At the close of the shooting season in 2013, I began writing again. Every day,
every match, every class, and every training session provided new material. After
a year and a half of writing I began the task of organizing what I wanted to say.
That process reminded me what I’m hoping to do:
Help shooters get better.
The average shooter is likely to face years of struggle with the frustration of trying
to balance speed and accuracy in sports that have no perfect score. I have been
this average shooter, and I have endured these same struggles and frustrations.
After 10 years of experimentation and research I believe I have found some
solutions. My hope is that I can now explain these ideas well enough to save
others a few of those years of struggle and enjoy more success.
That’s why success is the first topic we’ll discuss. We’ll look at the importance of
goals and examine how setting goals within a level of participation can define
success in a shooter’s career. This is an important part of every shooter’s
mindset, because if success is never defined it can never be reached. This
dichotomy has the potential to be very frustrating and could even cause a
shooter to drop out of the sport. I’ve experienced this more than once, and
preventing this ultimate frustration has become very personal for me.
The next chapters will cover the process of improvement. I have been a
dedicated proponent of practicing since I was a teenager learning to play the
guitar, yet I never fully understood how practice works. That began to change
after I got a book in the mail from a fellow shooter. This book answered questions
I never even thought about asking. It helped me understand how excellence is
actually chemically manufactured in the brain as a direct result of practice.
Knowing that improvement is biologically guaranteed under the right conditions
has changed the way I practice, and it could do the same for you.

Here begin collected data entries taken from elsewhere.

lemma smooth_fit_if_solves_problem2:
  assumes "d < t" and "solves_problem2 \<mu> \<sigma> r u0 \<beta> d (G C t)"
  shows "H C t t = \<xi>"
proof -
  obtain g1 where "\<forall>z\<ge>d. (G C t has_real_derivative g1 z) (at z within {d..})"
    using assms(2) unfolding solves_problem2_def by blast
  then have "(G C t has_real_derivative g1 t) (at t within {d..})"
    using assms(1) by simp
  then have "continuous (at t within {d..}) (G C t)"
    by (rule DERIV_continuous)
  then have "(G C t \<longlongrightarrow> G C t t) (at_right t)"
    using assms(1) by (auto simp: continuous_within intro: tendsto_within_subset)
  moreover have "(G C t \<longlongrightarrow> K t t) (at_right t)"
  proof (rule Lim_transform_eventually)
    show "(K t \<longlongrightarrow> K t t) (at_right t)"
      using DERIV_isCont[OF has_real_derivative_K] by (simp add: isCont_def filterlim_at_split)
    show "\<forall>\<^sub>F z in at_right t. K t z = G C t z"
      by (rule eventually_at_rightI[of t "t + 1"]) (auto simp: gfun_def)
  qed
  ultimately have "G C t t = K t t"
    using tendsto_unique trivial_limit_at_right_real by blast
  then show ?thesis
    by (simp add: gfun_def K_diag)
qed

definition fit_fun :: "real \<Rightarrow> real" where
  "fit_fun s = (\<xi> + 1 / r - \<beta> / \<gamma>\<^sub>2) * exp (- \<gamma>\<^sub>1 * s)
     + (\<gamma>\<^sub>1 / \<gamma>\<^sub>2 * (\<xi> + 1 / r) + \<beta> / \<gamma>\<^sub>2) * exp (\<gamma>\<^sub>2 * s)"

lemma H_diag_minus_xi:
  "H C (d + s) (d + s) - \<xi> = exp (\<gamma>\<^sub>1 * s) / (1 + \<gamma>\<^sub>1 / \<gamma>\<^sub>2 * exp (\<gamma>\<^sub>1 * s) * exp (\<gamma>\<^sub>2 * s))
     * ((1 + \<gamma>\<^sub>1 / \<gamma>\<^sub>2) * (C + 1 / r) - fit_fun s)"
proof -
  define e\<^sub>1 e\<^sub>2 e p where "e\<^sub>1 = exp (\<gamma>\<^sub>1 * s)" and "e\<^sub>2 = exp (\<gamma>\<^sub>2 * s)" and "e = exp (\<gamma>\<^sub>1 * d)"
    and "p = \<gamma>\<^sub>1 / \<gamma>\<^sub>2"
  define N where "N = 1 + p * e\<^sub>1 * e\<^sub>2"
  have pos: "e\<^sub>1 > 0" "e > 0" "N > 0"
    using gamma1_pos gamma2_pos by (auto simp: e\<^sub>1_def e\<^sub>2_def e_def p_def N_def intro!: add_pos_pos)
  have exps: "exp (\<gamma>\<^sub>1 * (d + s)) = e * e\<^sub>1"
    "exp ((\<gamma>\<^sub>1 + \<gamma>\<^sub>2) * (d + s)) * exp (- \<gamma>\<^sub>2 * d) = e * e\<^sub>1 * e\<^sub>2"
    "exp ((\<gamma>\<^sub>1 + \<gamma>\<^sub>2) * (d + s)) * exp (- \<gamma>\<^sub>2 * (d + s)) = e * e\<^sub>1"
    "exp (- \<gamma>\<^sub>2 * (d - (d + s))) = e\<^sub>2" "exp (- \<gamma>\<^sub>1 * s) = 1 / e\<^sub>1"
    by (simp_all add: e\<^sub>1_def e\<^sub>2_def e_def mult_exp_exp exp_minus field_simps)
  have "H C (d + s) (d + s) = - 1 / r
      + (C + 1 / r - \<beta> / \<gamma>\<^sub>2 * exp (- \<gamma>\<^sub>2 * (d - (d + s))))
        / (exp (\<gamma>\<^sub>1 * d) + \<gamma>\<^sub>1 / \<gamma>\<^sub>2 * (exp ((\<gamma>\<^sub>1 + \<gamma>\<^sub>2) * (d + s)) * exp (- \<gamma>\<^sub>2 * d)))
        * (exp (\<gamma>\<^sub>1 * (d + s)) + \<gamma>\<^sub>1 / \<gamma>\<^sub>2 * (exp ((\<gamma>\<^sub>1 + \<gamma>\<^sub>2) * (d + s)) * exp (- \<gamma>\<^sub>2 * (d + s))))
      + \<beta> / \<gamma>\<^sub>2"
    by (simp add: H_eq A_coef_def mult.assoc)
  also have "\<dots> = - 1 / r + (C + 1 / r - \<beta> / \<gamma>\<^sub>2 * e\<^sub>2) / (e * N) * (e * ((1 + p) * e\<^sub>1)) + \<beta> / \<gamma>\<^sub>2"
    unfolding exps e_def [symmetric] p_def [symmetric] N_def by (simp add: algebra_simps)
  also have "\<dots> = ((\<beta> / \<gamma>\<^sub>2 - 1 / r) * N + (C + 1 / r - \<beta> / \<gamma>\<^sub>2 * e\<^sub>2) * ((1 + p) * e\<^sub>1)) / N"
    using pos by (simp add: field_simps)
  finally have "H C (d + s) (d + s) - \<xi>
      = ((\<beta> / \<gamma>\<^sub>2 - 1 / r - \<xi>) * N + (C + 1 / r - \<beta> / \<gamma>\<^sub>2 * e\<^sub>2) * ((1 + p) * e\<^sub>1)) / N"
    using pos by (simp add: field_simps)
  also have "(\<beta> / \<gamma>\<^sub>2 - 1 / r - \<xi>) * N + (C + 1 / r - \<beta> / \<gamma>\<^sub>2 * e\<^sub>2) * ((1 + p) * e\<^sub>1)
      = e\<^sub>1 * ((1 + p) * (C + 1 / r) - fit_fun s)"
    unfolding fit_fun_def exps e\<^sub>1_def [symmetric] e\<^sub>2_def [symmetric] p_def [symmetric] N_def
    using pos r_pos gamma2_pos by (simp add: field_simps)
  finally show ?thesis
    unfolding e\<^sub>1_def e\<^sub>2_def p_def N_def by simp
qed

lemma smooth_fit_iff: "H C t t = \<xi> \<longleftrightarrow> fit_fun (t - d) = (1 + \<gamma>\<^sub>1 / \<gamma>\<^sub>2) * (C + 1 / r)"
proof -
  have "exp (\<gamma>\<^sub>1 * (t - d)) / (1 + \<gamma>\<^sub>1 / \<gamma>\<^sub>2 * exp (\<gamma>\<^sub>1 * (t - d)) * exp (\<gamma>\<^sub>2 * (t - d))) > 0"
    using gamma1_pos gamma2_pos by (intro divide_pos_pos add_pos_pos) auto
  then show ?thesis
    using H_diag_minus_xi[of C "t - d"] by auto
qed

lemma xi_plus_inverse_r_pos: "\<xi> + 1 / r > 0"
proof -
  have "\<xi> + 1 / r = \<beta> * u0 / r + \<beta> / \<alpha>\<^sub>2"
    unfolding xi2_def using r_pos by (simp add: field_simps)
  also have "\<dots> > 0"
    using \<beta>_pos u0_pos r_pos alpha2_pos by (intro add_pos_pos divide_pos_pos mult_pos_pos)
  finally show ?thesis .
qed

lemma fit_fun_0: "fit_fun 0 = (1 + \<gamma>\<^sub>1 / \<gamma>\<^sub>2) * (\<xi> + 1 / r)"
  unfolding fit_fun_def by (simp add: field_simps)

lemma fit_fun_growth_coeff_pos: "\<gamma>\<^sub>1 / \<gamma>\<^sub>2 * (\<xi> + 1 / r) + \<beta> / \<gamma>\<^sub>2 > 0"
  using xi_plus_inverse_r_pos gamma1_pos gamma2_pos \<beta>_pos by (intro add_pos_pos) auto

lemma continuous_on_fit_fun: "continuous_on A fit_fun"
  unfolding fit_fun_def [abs_def] by (intro continuous_intros)

lemma strict_mono_on_fit_fun: "strict_mono_on {0..} fit_fun"
proof (rule strict_mono_onI)
  define Y Q where "Y = \<xi> + 1 / r - \<beta> / \<gamma>\<^sub>2" and "Q = \<gamma>\<^sub>1 / \<gamma>\<^sub>2 * (\<xi> + 1 / r) + \<beta> / \<gamma>\<^sub>2"
  have Q_pos: "Q > 0"
    unfolding Q_def by (rule fit_fun_growth_coeff_pos)
  have gap: "\<gamma>\<^sub>2 * Q - \<gamma>\<^sub>1 * Y > 0"
  proof -
    have "\<gamma>\<^sub>2 * Q - \<gamma>\<^sub>1 * Y = \<beta> * (1 + \<gamma>\<^sub>1 / \<gamma>\<^sub>2)"
      unfolding Q_def Y_def using gamma2_pos by (simp add: field_simps)
    moreover have "\<beta> * (1 + \<gamma>\<^sub>1 / \<gamma>\<^sub>2) > 0"
      using \<beta>_pos gamma1_pos gamma2_pos by (intro mult_pos_pos add_pos_pos divide_pos_pos) auto
    ultimately show ?thesis
      by simp
  qed
  have deriv: "(fit_fun has_real_derivative \<gamma>\<^sub>2 * Q * exp (\<gamma>\<^sub>2 * x) - \<gamma>\<^sub>1 * Y * exp (- \<gamma>\<^sub>1 * x)) (at x)" for x
    unfolding fit_fun_def [abs_def] Y_def [symmetric] Q_def [symmetric]
    by (auto intro!: derivative_eq_intros simp: algebra_simps)
  have deriv_pos: "\<gamma>\<^sub>2 * Q * exp (\<gamma>\<^sub>2 * x) - \<gamma>\<^sub>1 * Y * exp (- \<gamma>\<^sub>1 * x) > 0" if "x \<ge> 0" for x
  proof -
    have "\<gamma>\<^sub>2 * Q \<le> \<gamma>\<^sub>2 * Q * exp (\<gamma>\<^sub>2 * x)"
      using that gamma2_pos Q_pos by simp
    moreover have "Y * exp (- \<gamma>\<^sub>1 * x) \<le> max 0 Y"
    proof (cases "Y \<le> 0")
      case True
      then show ?thesis
        by (simp add: mult_nonpos_nonneg)
    next
      case False
      have "exp (- \<gamma>\<^sub>1 * x) \<le> 1"
        using that gamma1_pos by simp
      then show ?thesis
        using False mult_left_le[of "exp (- \<gamma>\<^sub>1 * x)" Y] by simp
    qed
    then have "\<gamma>\<^sub>1 * Y * exp (- \<gamma>\<^sub>1 * x) \<le> \<gamma>\<^sub>1 * max 0 Y"
      using gamma1_pos by (simp add: mult.assoc)
    moreover have "\<gamma>\<^sub>1 * max 0 Y < \<gamma>\<^sub>2 * Q"
      using gap gamma2_pos Q_pos by (cases "Y \<le> 0") auto
    ultimately show ?thesis
      by linarith
  qed
  fix x y :: real
  assume "x \<in> {0..}" and "y \<in> {0..}" and "x < y"
  then show "fit_fun x < fit_fun y"
    using deriv deriv_pos by (intro DERIV_pos_imp_increasing[OF \<open>x < y\<close>]) force
qed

This new understanding of practice will bring us to the core of what I’ve realized
in the past year and a half of training:
Trying to improve Speed and Accuracy at the same time is a waste of time.
Following that bombshell, Chapters 12 through 22 will get into the components of
better shooting in a more technical sense. We’ll start with a hilarious story about
my first USPSA match. Then we’ll get into some things I believe shooters need to
do to score more points per second. To close that section, I’ll reveal the closest
thing to a secret in USPSA shooting that I have ever found.
The last group of chapters will get into the match environment. I’ll share two easy
ways to allow your training to manifest itself in what you really want: Better Match Performance.
Shooters often complain about shooting matches below their level of skill, and these chapters
address that very specifically. This section also features an interview with Max Michel about the ONE thing he did in order to go from “just a GM” to a contender for a National Championship.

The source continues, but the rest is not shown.